Years ago I picked up an overtime shift in Denton, TX. It was a vacation station. Our company decided to have a presence in Denton, but the presence came before the contracts and crews mostly sat around doing nothing while our competitor ran all the calls. Consequently it was the most coveted overtime shift in the company. Who wouldn’t want to get paid for sleeping and playing video games?
I had just gotten to work to find an abandoned station with three brand new trucks. There was no equipment list, no stock room, no supervision, and no partner. I called dispatch and said, “Hey, what’s up? I’ve got nothing here. Is this a station or a hibernation chamber? Got no partner either.”

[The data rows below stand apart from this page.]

lemma sums_choose_div_power5_square:
  assumes "m \<ge> 1"
  shows "(\<lambda>k. real (2 * k choose m) / (5 ^ k * (real k)\<^sup>2)) sums
     (- 2 / real m * ((-1) ^ m * ln (5 / 4)
        + (\<Sum>i = 1..m - 1. (-1) ^ (m - i) * Luc (int i) / (real i * 2 ^ i))))"
proof -
  obtain r where m: "m = Suc r"
    using assms by (cases m) auto
  note summand = choose_double_Suc_div_power5_square[where r = r]
  have "(\<lambda>k. 1 / (5 ^ Suc k * (2 * real (Suc k)))) sums (ln (5 / 4) / 2)"
    using sums_inverse_mult_power5_even by (subst sums_Suc_iff) simp
  moreover have "(\<lambda>k. real (2 * k + 1 choose (i - 1)) / 5 ^ Suc k) sums (Luc (int i) / 2 ^ Suc i)"
    if "i \<in> {1..r}" for i
  proof -
    have "Suc (i - 1) = i"
      using that by simp
    then have "(\<lambda>k. real (2 * k + 1 choose (i - 1)) / 5 ^ k / 5) sums (5 * Luc (int i) / 2 ^ Suc i / 5)"
      using sums_divide[OF sums_choose_odd_div_power5[of "i - 1"], of 5] by (simp only:)
    then show ?thesis
      by (simp add: mult_ac)
  qed
  moreover have "- 2 / real m * ((-1) ^ m * ln (5 / 4)
        + (\<Sum>i = 1..m - 1. (-1) ^ (m - i) * Luc (int i) / (real i * 2 ^ i)))
      = 4 / real (Suc r) * ((-1) ^ r * (ln (5 / 4) / 2)
        + (\<Sum>i = 1..r. (-1) ^ (r - i) / real i * (Luc (int i) / 2 ^ Suc i)))"
    unfolding m by (simp add: sum_distrib_left sum_negf Suc_diff_le field_simps)
  ultimately have "(\<lambda>k. real (2 * Suc k choose Suc r) / (5 ^ Suc k * (real (Suc k))\<^sup>2)) sums
      (- 2 / real m * ((-1) ^ m * ln (5 / 4)
        + (\<Sum>i = 1..m - 1. (-1) ^ (m - i) * Luc (int i) / (real i * 2 ^ i))))"
    by (simp only: summand) (intro sums_mult sums_add sums_sum)
  then show ?thesis
    unfolding m
    using sums_Suc_iff[of "\<lambda>k. real (2 * k choose Suc r) / (5 ^ k * (real k)\<^sup>2)"] by simp
qed

lemma sums_choose_div_power5_pred:
  assumes "m \<ge> 2"
  shows "(\<lambda>k. real (2 * k choose m) / (5 ^ k * (2 * real k - 1))) sums
     ((Fib (int m) / (real m * 2 ^ m) + Fib (int m - 1) / ((real m - 1) * 2 ^ (m - 1))) / 2)"
proof -
  obtain r where m: "m = Suc (Suc r)"
    using assms by (metis add_2_eq_Suc le_Suc_ex)
  have "real (2 * Suc k choose Suc (Suc r)) / (5 ^ Suc k * (2 * real (Suc k) - 1))
      = real (2 * k choose Suc r) / 5 ^ Suc k / real (Suc (Suc r))
        + real (2 * k choose r) / 5 ^ Suc k / real (Suc r)" for k
  proof -
    have "2 * Suc k = Suc (Suc (2 * k))" and "2 * real (Suc k) - 1 = real (Suc (2 * k))"
      by simp_all
    then have "real (2 * Suc k choose Suc (Suc r)) / (5 ^ Suc k * (2 * real (Suc k) - 1))
        = real (Suc (Suc (2 * k)) choose Suc (Suc r)) / real (Suc (2 * k)) / 5 ^ Suc k"
      by (simp only: divide_divide_eq_left mult.commute)
    then show ?thesis
      by (simp only: choose_Suc_Suc_div_Suc add_divide_distrib divide_divide_eq_left mult.commute)
  qed
  moreover have "(\<lambda>k. real (2 * k choose j) / 5 ^ Suc k) sums (Fib (int (Suc j)) / 2 ^ Suc (Suc j))" for j
    using sums_divide[OF sums_choose_even_div_power5[of j], of 5] by (simp add: mult_ac)
  ultimately have "(\<lambda>k. real (2 * Suc k choose Suc (Suc r)) / (5 ^ Suc k * (2 * real (Suc k) - 1))) sums
      (Fib (int (Suc (Suc r))) / 2 ^ Suc (Suc (Suc r)) / real (Suc (Suc r))
        + Fib (int (Suc r)) / 2 ^ Suc (Suc r) / real (Suc r))"
    by (simp only:) (intro sums_add sums_divide)
  moreover have "Fib (int (Suc (Suc r))) / 2 ^ Suc (Suc (Suc r)) / real (Suc (Suc r))
        + Fib (int (Suc r)) / 2 ^ Suc (Suc r) / real (Suc r)
      = (Fib (int m) / (real m * 2 ^ m) + Fib (int m - 1) / ((real m - 1) * 2 ^ (m - 1))) / 2"
    unfolding m by (simp add: add_divide_distrib mult_ac)
  ultimately have "(\<lambda>k. real (2 * Suc k choose Suc (Suc r)) / (5 ^ Suc k * (2 * real (Suc k) - 1))) sums
      ((Fib (int m) / (real m * 2 ^ m) + Fib (int m - 1) / ((real m - 1) * 2 ^ (m - 1))) / 2)"
    by (simp only:)
  then show ?thesis
    unfolding m
    using sums_Suc_iff[of "\<lambda>k. real (2 * k choose Suc (Suc r)) / (5 ^ k * (2 * real k - 1))"] by simp
qed

lemma sums_choose_div_power5_quartic:
  assumes "m \<ge> 2"
  shows "(\<lambda>k. if k = 0 then 0 else
           real ((2 * k) choose m) / (5 ^ k * (2 * real k - 1) * (real k)^2 * (2 * real k + 1)))
     sums
     (2 * (-1) ^ m / real m * ln (5 / 4) - (-1) ^ m * 2 * sqrt 5 * ln alpha
      + Fib (int m - 1) / (real m - 1) / 2 ^ (m - 1) + Fib (int m) / real m / 2 ^ m
      + 2 / real m * (\<Sum>i = 1..m - 1. (-1) ^ (m - i) * Luc (int i) / (real i * 2 ^ i))
      - 5 * (\<Sum>i = 1..m. (-1) ^ (m - i) * Fib (int i) / (real i * 2 ^ i)))"
    (is "_ sums ?sum")
proof -
  have m: "m \<ge> 1"
    using assms by simp
  have "(if k = 0 then 0 else
           real ((2 * k) choose m) / (5 ^ k * (2 * real k - 1) * (real k)^2 * (2 * real k + 1)))
      = - (real (2 * k choose m) / (5 ^ k * (real k)\<^sup>2))
        + 2 * (real (2 * k choose m) / (5 ^ k * (2 * real k - 1)))
        - 2 * (real (2 * k choose m) / (5 ^ k * (2 * real k + 1)))" for k
  proof (cases "k = 0")
    case False
    then have "real k \<noteq> 0" "2 * real k - 1 \<noteq> 0" "2 * real k + 1 \<noteq> 0"
      by linarith+
    with False show ?thesis
      by (simp add: partial_fractions_quartic)
  qed (use m in simp)
  note summands = sums_cong[OF this]
  note sums_diff[OF sums_add[OF sums_minus[OF sums_choose_div_power5_square[OF m]]
      sums_mult[OF sums_choose_div_power5_pred[OF assms], of 2]]
      sums_mult[OF sums_choose_div_power5_succ[of m], of 2]]
  also have "- (- 2 / real m * ((-1) ^ m * ln (5 / 4)
        + (\<Sum>i = 1..m - 1. (-1) ^ (m - i) * Luc (int i) / (real i * 2 ^ i))))
      + 2 * ((Fib (int m) / (real m * 2 ^ m) + Fib (int m - 1) / ((real m - 1) * 2 ^ (m - 1))) / 2)
      - 2 * ((-1) ^ m * sqrt 5 * ln alpha
        + 5 / 2 * (\<Sum>i = 1..m. (-1) ^ (m - i) * Fib (int i) / (real i * 2 ^ i)))
      = ?sum"
    by (simp add: algebra_simps)
  finally show ?thesis
    by (simp only: summands)
qed

theorem theorem19:
  fixes m :: nat
  assumes "m \<ge> 2"
  shows "(\<lambda>k. if k = 0 then 0 else
           real ((2 * k) choose m) / (5 ^ k * (2 * real k - 1) * (real k)^2 * (2 * real k + 1)))
     sums
     (2 * (-1) ^ m / real m * ln (5 / 4) - (-1) ^ m * 2 * sqrt 5 * ln alpha
      + Fib (int m - 1) / (real m - 1) / 2 ^ (m - 1) + Fib (int m) / real m / 2 ^ m
      + 2 / real m * (\<Sum>j = 1..\<lfloor>(real m - 1) / 2\<rfloor>.
            Luc (int m - 2 * j) / (real_of_int (int m - 2 * j)) / 2 powi (int m - 2 * j))
      - 2 / real m * (\<Sum>j = 1..\<lceil>(real m - 1) / 2\<rceil>.
            Luc (int m - 2 * j + 1) / (real_of_int (int m - 2 * j + 1)) / 2 powi (int m - 2 * j + 1))
      - 5 * (\<Sum>j = 0..\<lfloor>(real m - 1) / 2\<rfloor>.
            Fib (int m - 2 * j) / (real_of_int (int m - 2 * j)) / 2 powi (int m - 2 * j))
      + 5 * (\<Sum>j = 1..\<lceil>(real m - 1) / 2\<rceil>.
            Fib (int m - 2 * j + 1) / (real_of_int (int m - 2 * j + 1)) / 2 powi (int m - 2 * j + 1)))"
proof -
  have m: "m \<ge> 1"
    using assms by simp
  let "_ sums ?rhs" = ?thesis
  note sums_choose_div_power5_quartic[OF assms]
  also have "2 * (-1) ^ m / real m * ln (5 / 4) - (-1) ^ m * 2 * sqrt 5 * ln alpha
      + Fib (int m - 1) / (real m - 1) / 2 ^ (m - 1) + Fib (int m) / real m / 2 ^ m
      + 2 / real m * (\<Sum>i = 1..m - 1. (-1) ^ (m - i) * Luc (int i) / (real i * 2 ^ i))
      - 5 * (\<Sum>i = 1..m. (-1) ^ (m - i) * Fib (int i) / (real i * 2 ^ i)) = ?rhs"
    unfolding sum_floor_ceiling_half_alternating[OF m, of "\<lambda>i. Luc i / real_of_int i / 2 powi i"]
      sum_floor_ceiling_half_alternating[OF m, of "\<lambda>i. Fib i / real_of_int i / 2 powi i"]
    by (simp add: algebra_simps)
  finally show ?thesis .
qed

“Your partner just got off a day car in Dallas, he should be there shortly.”
My new partner soon filled the doorway. At 6’4” his head grazed the top of the door frame as he walked into the bay. “Are you the Buckman?” he asked with a quizzical look that told me he didn’t believe them when they told him my name.
“It is I, my new gigantic friend. Your new duty is crowd control. I will sit back and be the brains of this outfit. You can rough people up and collect the money.” He looked at me long and hard while he tried to figure out if I was joking with him or not. “Come on, help me check out this truck. I can’t find a freaking thing in this station.”
His eyes lit up immediately. “You are checking out the truck?”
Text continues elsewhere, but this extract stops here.